Question: Who has been the chain breaker and pioneer in your life? A father, mother, grandfather, grandmother, schoolteacher, Pastor, Sunday School teacher, friend, etc. Give them thanks if they’re still living. It is their sacrifice that brought blessing into your life. Sometimes, there’s no one in the past that you can thank and you have to be your own pioneer. In my early years as a pastor I used to hear, “we used to go to church as a little kid.” Now, it is, “no, our family never went to church…”

Application: Are you the pioneer in your family? It’s not easy to do what you’re doing. No one has set any pattern for you. There’s no one to look up to in your life. You have to step out of the comfort zone. You have to break the chain. You have to choose to follow God. Just like the pioneers in our nation’s history, you have to make the tough sacrifices. But if you’re willing, God will give you more than enough grace to be the pioneer.

  1. The reason for the move.

Why did Terah decide to move out of Ur? We have no indication in the text that God called Terah the same way he called Abraham. Maybe it was because of the losses in his life. First, there’s no mention of his wife, which means she must have died in Ur. Second, verse 28 says, “And Haran died before his father Terah in his native land, in Ur of the Chaldeans.” We don’t have any details on Haran’s death but you can imagine what effect this must have made on Terah. Maybe this was a catalyst for him to move out of Ur.

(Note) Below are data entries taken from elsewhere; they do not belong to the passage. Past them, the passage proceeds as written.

lemma ramp_mean_ge:
  fixes p \<epsilon> c x s :: real
  assumes "0 < p" "0 < \<epsilon>" "0 < x" "c \<le> p * (1 + \<epsilon>)"
    and loss: "(p * (1 + \<epsilon>) - c) * ((p * (1 + \<epsilon>) + c) / 2 - x) \<le> s * (p * \<epsilon>)\<^sup>2"
  shows "p / x * (1 - s / 2 * \<epsilon>)
    \<le> ((c\<^sup>2 - (p * (1 - \<epsilon>))\<^sup>2) / (2 * x) + (p * (1 + \<epsilon>) - c)) / (p * (1 + \<epsilon>) - p * (1 - \<epsilon>))"
proof -
  have "(c\<^sup>2 - (p * (1 - \<epsilon>))\<^sup>2) / 2 + x * (p * (1 + \<epsilon>) - c)
      = 2 * p\<^sup>2 * \<epsilon> - (p * (1 + \<epsilon>) - c) * ((p * (1 + \<epsilon>) + c) / 2 - x)"
    by (simp add: power2_eq_square field_simps)
  also have "\<dots> \<ge> 2 * p\<^sup>2 * \<epsilon> * (1 - s / 2 * \<epsilon>)"
    using loss by (simp add: power2_eq_square algebra_simps)
  finally have "2 * p\<^sup>2 * \<epsilon> * (1 - s / 2 * \<epsilon>) / (x * (2 * p * \<epsilon>))
      \<le> ((c\<^sup>2 - (p * (1 - \<epsilon>))\<^sup>2) / 2 + x * (p * (1 + \<epsilon>) - c)) / (x * (2 * p * \<epsilon>))"
    using assms(1-3) by (intro divide_right_mono) auto
  moreover have "2 * p\<^sup>2 * \<epsilon> * (1 - s / 2 * \<epsilon>) / (x * (2 * p * \<epsilon>)) = p / x * (1 - s / 2 * \<epsilon>)"
    using assms(1-3) by (simp add: power2_eq_square)
  moreover have "((c\<^sup>2 - (p * (1 - \<epsilon>))\<^sup>2) / 2 + x * (p * (1 + \<epsilon>) - c)) / (x * (2 * p * \<epsilon>))
      = ((c\<^sup>2 - (p * (1 - \<epsilon>))\<^sup>2) / (2 * x) + (p * (1 + \<epsilon>) - c)) / (p * (1 + \<epsilon>) - p * (1 - \<epsilon>))"
    using assms(1-3) by (simp add: field_simps)
  ultimately show ?thesis by simp
qed

lemma lborel_integral_uniform_ramp:
  fixes a b c x :: real
  assumes "a < b" "a \<le> c" "c \<le> b" "0 < x"
  defines "f \<equiv> \<lambda>y. indicator {a..b} y / measure lborel {a..b} * (if y \<le> c then y / x else 1)"
  shows "integrable lborel f" and "(\<integral>y. f y \<partial>lborel) = ((c\<^sup>2 - a\<^sup>2) / (2 * x) + (b - c)) / (b - a)"
proof -
  have f_eq: "f = (\<lambda>y. 1 / (b - a) * (indicator {a..c} y *\<^sub>R (y / x) + indicator {c<..b} y))"
    using assms(1-3) unfolding f_def by (auto simp: indicator_def fun_eq_iff)
  have "continuous_on {a..c} (\<lambda>y. y / x)"
    using assms(4) by (auto intro!: continuous_intros)
  then have ramp: "integrable lborel (\<lambda>y. indicator {a..c} y *\<^sub>R (y / x))"
    using borel_integrable_atLeastAtMost' unfolding set_integrable_def by blast
  have step: "integrable lborel (indicator {c<..b} :: real \<Rightarrow> real)"
    using assms(3) by (simp add: integrable_indicator_iff)
  have "(\<integral>y. indicator {a..c} y *\<^sub>R (y / x) \<partial>lborel) = c\<^sup>2 / (2 * x) - a\<^sup>2 / (2 * x)"
  proof (rule integral_FTC_atLeastAtMost[OF \<open>a \<le> c\<close>])
    fix y
    show "((\<lambda>y. y\<^sup>2 / (2 * x)) has_vector_derivative y / x) (at y within {a..c})"
      unfolding has_real_derivative_iff_has_vector_derivative[symmetric]
      using assms(4) by (auto intro!: derivative_eq_intros simp: field_simps power2_eq_square)
  qed (use assms(4) in \<open>auto intro!: continuous_intros\<close>)
  moreover have "(\<integral>y. indicator {c<..b} y \<partial>lborel) = b - c"
    using assms(3) by simp
  ultimately show "integrable lborel f" "(\<integral>y. f y \<partial>lborel) = ((c\<^sup>2 - a\<^sup>2) / (2 * x) + (b - c)) / (b - a)"
    unfolding f_eq using ramp step by (auto simp: diff_divide_distrib)
qed

lemma uniform_expectation_ramp:
  fixes a b c x :: real
  assumes Y: "distributed M lborel Y (\<lambda>y. indicator {a..b} y / measure lborel {a..b})"
    and "a < b" "a \<le> c" "c \<le> b" "0 < x"
  shows "integrable M (\<lambda>\<omega>. if Y \<omega> \<le> c then Y \<omega> / x else 1)"
    and "(\<integral>\<omega>. (if Y \<omega> \<le> c then Y \<omega> / x else 1) \<partial>M) = ((c\<^sup>2 - a\<^sup>2) / (2 * x) + (b - c)) / (b - a)"
proof -
  have density_nonneg: "0 \<le> indicator {a..b} y / measure lborel {a..b}" for y :: real
    using \<open>a < b\<close> by simp
  have [measurable]: "(\<lambda>y. if y \<le> c then y / x else 1) \<in> borel_measurable lborel"
    by measurable
  show "integrable M (\<lambda>\<omega>. if Y \<omega> \<le> c then Y \<omega> / x else 1)"
    using distributed_integrable[OF Y] lborel_integral_uniform_ramp(1)[OF assms(2-5)] density_nonneg
    by simp
  show "(\<integral>\<omega>. (if Y \<omega> \<le> c then Y \<omega> / x else 1) \<partial>M) = ((c\<^sup>2 - a\<^sup>2) / (2 * x) + (b - c)) / (b - a)"
    using distributed_integral[OF Y] lborel_integral_uniform_ramp(2)[OF assms(2-5)] density_nonneg
    by simp
qed

lemma Max_image_mem_map:
  assumes "1 \<le> n"
  shows "Max (f ` {..<n}) \<in> set (map f [0..<n])"
  using assms by (auto intro!: Max_in simp: atLeast0LessThan lessThan_empty_iff)

lemma A1_Nil: "A1 \<theta> r [] y = 1"
  by (simp add: A1_def)

lemma A1_Cons: "A1 \<theta> r (p # ps) y = (if Phi1 \<theta> r y \<le> p then p else A1 \<theta> r ps y)"
  by (simp add: A1_def)

lemma one_le_A1:
  assumes "1 \<le> r * \<theta>"
  shows "1 \<le> A1 \<theta> r ps y"
  using assms by (induction ps) (auto simp: A1_Nil A1_Cons Phi1_def)

lemma A1_mem: "A1 \<theta> r ps y \<in> insert 1 (set ps)"
  by (induction ps) (auto simp: A1_Nil A1_Cons)

lemma Phi1_le_A1:
  assumes "p \<in> set ps" "Phi1 \<theta> r y \<le> p"
  shows "Phi1 \<theta> r y \<le> A1 \<theta> r ps y"
  using assms by (induction ps) (auto simp: A1_Cons)

lemma borel_measurable_A1:
  assumes [measurable]: "Y \<in> borel_measurable M" "\<forall>i<n. (\<lambda>\<omega>. P \<omega> i) \<in> borel_measurable M"
  shows "(\<lambda>\<omega>. A1 \<theta> r (map (P \<omega>) [0..<n]) (Y \<omega>)) \<in> borel_measurable M"
proof -
  have [measurable]: "(\<lambda>\<omega>. Phi1 \<theta> r (Y \<omega>)) \<in> borel_measurable M"
    unfolding Phi1_def phi_r_def by measurable
  have "(\<lambda>\<omega>. A1 \<theta> r (map (P \<omega>) js) (Y \<omega>)) \<in> borel_measurable M" if "\<forall>j\<in>set js. j < n" for js
    using that
  proof (induction js)
    case (Cons j js)
    then have [measurable]: "(\<lambda>\<omega>. P \<omega> j) \<in> borel_measurable M"
      and [measurable]: "(\<lambda>\<omega>. A1 \<theta> r (map (P \<omega>) js) (Y \<omega>)) \<in> borel_measurable M"
      using assms(2) by auto
    show ?case by (simp add: A1_Cons)
  qed (simp add: A1_Nil)
  then show ?thesis by simp
qed

lemma (in finite_measure) integrable_A1:
  assumes "Y \<in> borel_measurable M" "\<forall>i<n. (\<lambda>\<omega>. P \<omega> i) \<in> borel_measurable M"
    and "\<forall>\<omega>\<in>space M. \<forall>i<n. P \<omega> i \<in> {1..b}"
  shows "integrable M (\<lambda>\<omega>. A1 \<theta> r (map (P \<omega>) [0..<n]) (Y \<omega>))"
proof (rule integrable_const_bound[where B = "max 1 b"])
  show "AE \<omega> in M. norm (A1 \<theta> r (map (P \<omega>) [0..<n]) (Y \<omega>)) \<le> max 1 b"
  proof (rule AE_I2)
    fix \<omega> assume "\<omega> \<in> space M"
    then have "set (map (P \<omega>) [0..<n]) \<subseteq> {1..b}"
      using assms(3) by auto
    then show "norm (A1 \<theta> r (map (P \<omega>) [0..<n]) (Y \<omega>)) \<le> max 1 b"
      using A1_mem[of \<theta> r "map (P \<omega>) [0..<n]" "Y \<omega>"] by auto
  qed
qed (rule borel_measurable_A1[OF assms(1,2)])

locale one_max_regime =
  fixes \<theta> r :: real
  assumes theta_gt_1: "1 < \<theta>"
    and r_gt: "1 / \<theta> < r"
    and r_le: "r \<le> 1 / sqrt \<theta>"
begin

lemma theta_pos: "0 < \<theta>"
  using theta_gt_1 by simp

lemma r_pos: "0 < r"
  using r_gt theta_pos by (simp add: less_trans[of 0 "1 / \<theta>" r])

lemma one_lt_r_theta: "1 < r * \<theta>"
  using r_gt theta_pos by (simp add: field_simps)

lemma r_sq_theta_le_1: "r\<^sup>2 * \<theta> \<le> 1"
proof -
  have "r * sqrt \<theta> \<le> 1" using r_le theta_pos by (simp add: field_simps)
  then have "(r * sqrt \<theta>)\<^sup>2 \<le> 1" using r_pos theta_pos by (simp add: power_le_one)
  then show ?thesis using theta_pos by (simp add: power_mult_distrib)
qed

lemma r_lt_1: "r < 1"
proof -
  have "r\<^sup>2 < 1\<^sup>2"
  proof (rule ccontr)
    assume "\<not> r\<^sup>2 < 1\<^sup>2"
    then have "1 * \<theta> \<le> r\<^sup>2 * \<theta>" using theta_pos by (intro mult_right_mono) auto
    then show False using r_sq_theta_le_1 theta_gt_1 by linarith
  qed
  then show ?thesis by (rule power_less_imp_less_base) simp
qed

lemma r_theta_sq_le: "(r * \<theta>)\<^sup>2 \<le> \<theta>"
  using mult_right_mono[OF r_sq_theta_le_1, of \<theta>] theta_pos
  by (simp add: power2_eq_square mult_ac)

definition slope :: real where
  "slope = (1 - r\<^sup>2 * \<theta>) / ((1 - r) * (r * \<theta>))"

lemma slope_nonneg: "0 \<le> slope"
  unfolding slope_def using r_sq_theta_le_1 r_lt_1 one_lt_r_theta by simp

lemma slope_le: "slope \<le> 1 / (r * \<theta>)"
proof -
  have "1 - r\<^sup>2 * \<theta> \<le> 1 - r"
    using one_lt_r_theta r_pos by (simp add: power2_eq_square mult.assoc)
  then have "slope \<le> (1 - r) / ((1 - r) * (r * \<theta>))"
    unfolding slope_def using r_lt_1 one_lt_r_theta by (intro divide_right_mono) auto
  then show ?thesis
    using r_lt_1 by simp
qed

lemma slope_lt_1: "slope < 1"
  using slope_le one_lt_r_theta by (simp add: order_le_less_trans[of slope "1 / (r * \<theta>)" 1])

Principle: All pioneers have to go through pain to move out of their comfort zone. God doesn’t cause the pain but he uses the pain to bring something good into our lives.

For e.g. Teddy Roosevelt, the 26th President of the United States is one of my favorites. February 14th, 1884 was an awful day for him. He was in the NY state legislature trying to get a bill passed when he was called home. His mother had died due to typhoid fever. Few hours later, his wife of 4 years also died due to some kidney problems. She had just given birth to their daughter. Teddy Roosevelt left everything and went into the badlands for a couple of years and worked as a rancher and a local sheriff. When he returned, he was a different man who made a big impact in America and the world. Teddy Roosevelt came from a Christian home and he knew that God had used his pain to mature him.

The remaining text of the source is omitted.